No offense taken Rich, I was just replying specifically instead of generally. I believe my preference for a sheath is valid because it's time tested _for me_, and someone's personal preference can't be made invalid by someone else's opinion.



therichinc said:


> ....What are your thoughts on it as a Knife Customer?



The discussion about what makes a knife custom etc. is a different ball of wax though. I thought I had an idea on what a custom knife is versus a handmade knife, and to what degree they can overlap, but after reading Scott and Robert's replies I don't think my opinion is valid at all (even though yes it is just an opinion). While a knife consumer such as myself can have an opinion, to me it doesn't carry the weight that the opinions of knife makers do, so I guess you could say my opinion is no longer formed on it and is still evolving as I try to understand the various opinions of knife makers.

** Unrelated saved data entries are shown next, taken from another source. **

lemma prob_all_collected_le:
  assumes rn: "r \<le> n" and s: "1 \<le> s" "2 * s \<le> n" and p: "cover_prob n r s \<le> 1 / 2"
  shows "measure (rounds n r) {\<omega>. all_collected n s \<omega> k}
    \<le> 1 / (real (n choose s) * (1 - cover_prob n r s) ^ k)
      + real s * real s / real n
        * ((1 - 2 * cover_prob n r s + cover_prob n r (Suc s)) / (1 - cover_prob n r s)\<^sup>2) ^ k"
proof -
  let ?A = "subsets_of_card {1..n} s" and ?p = "cover_prob n r s" and ?N = "real (n choose s)"
  define a where "a = (1 - ?p) ^ k"
  define w where "w = (1 - 2 * ?p + cover_prob n r (Suc s)) ^ k"
  have a: "0 < a"
    unfolding a_def using p by simp
  have N: "0 < ?N"
    using s by simp
  have "(\<Sum>S\<in>?A. \<Sum>S'\<in>?A. measure (rounds n r) (missed k S \<inter> missed k S'))
      \<le> (\<Sum>S\<in>?A. ?N * a\<^sup>2 + a + real s * real s * ?N / real n * w)"
    using sum_prob_missed_both_le[OF rn s p]
    by (intro sum_mono) (simp add: a_def w_def power_mult[symmetric] mult.commute)
  also have "\<dots> = ?N * (?N * a\<^sup>2 + a + real s * real s * ?N / real n * w)"
    by (simp add: card_subsets_of_card)
  finally have "(\<Sum>S\<in>?A. \<Sum>S'\<in>?A. measure (rounds n r) (missed k S \<inter> missed k S')) / (?N * a)\<^sup>2
      \<le> ?N * (?N * a\<^sup>2 + a + real s * real s * ?N / real n * w) / (?N * a)\<^sup>2"
    by (rule divide_right_mono) simp
  also have "\<dots> = 1 + 1 / (?N * a) + real s * real s / real n * (w / a\<^sup>2)"
    using a N s by (simp add: field_simps power2_eq_square)
  also have "w / a\<^sup>2 = ((1 - 2 * ?p + cover_prob n r (Suc s)) / (1 - ?p)\<^sup>2) ^ k"
    unfolding w_def a_def by (simp add: power_divide power_mult[symmetric] mult.commute)
  finally show ?thesis
    using prob_all_collected_le_second_moment[OF rn _, of s k] s p unfolding a_def by simp
qed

While it may never get settled, I would have to say Flynt's explanation makes the most sense to me thus far.


----------



## NYWoodturner (Mar 28, 2016)

robert flynt said:


> Want to see a truly customer? This is one I completed recently and had this lazer work done to truly customize it.
> 
> View attachment 100376


Robert you do the sexiest hollow grind i've ever seen. 


I hope your wife understands knife lingo... or at least is not reading over your shoulder

Reactions: Funny 1


----------



## robert flynt (Mar 28, 2016)

NYWoodturner said:


> Robert you do the sexiest hollow grind i've ever seen.
> 
> 
> I hope your wife understands knife lingo... or at least is not reading over your shoulder


Thanks Scott, I used a 10" wheel, so I could grind all the way to the spine and still have a deep grind. Used trizac Gator belt down to 600 grit then a fine scotch brite belt impregnated with green rouge after that it was buffed with green rouge.

She don't pay any attention to me. She is sitting on the couch hand stitching a quilt she is making. Just doing her thing.

Reactions: Like 1 | Funny 1


----------



## robert flynt (Mar 28, 2016)

The knifemakers guild had a lot of in fighting over the definition of hand made, when makers starting out sourcing the making of parts with CNC machines. It was finally decided CNC work could only be done in house ( in the makers shop) and it had to be full disclosed to the buyer.

Reactions: Informative 1


----------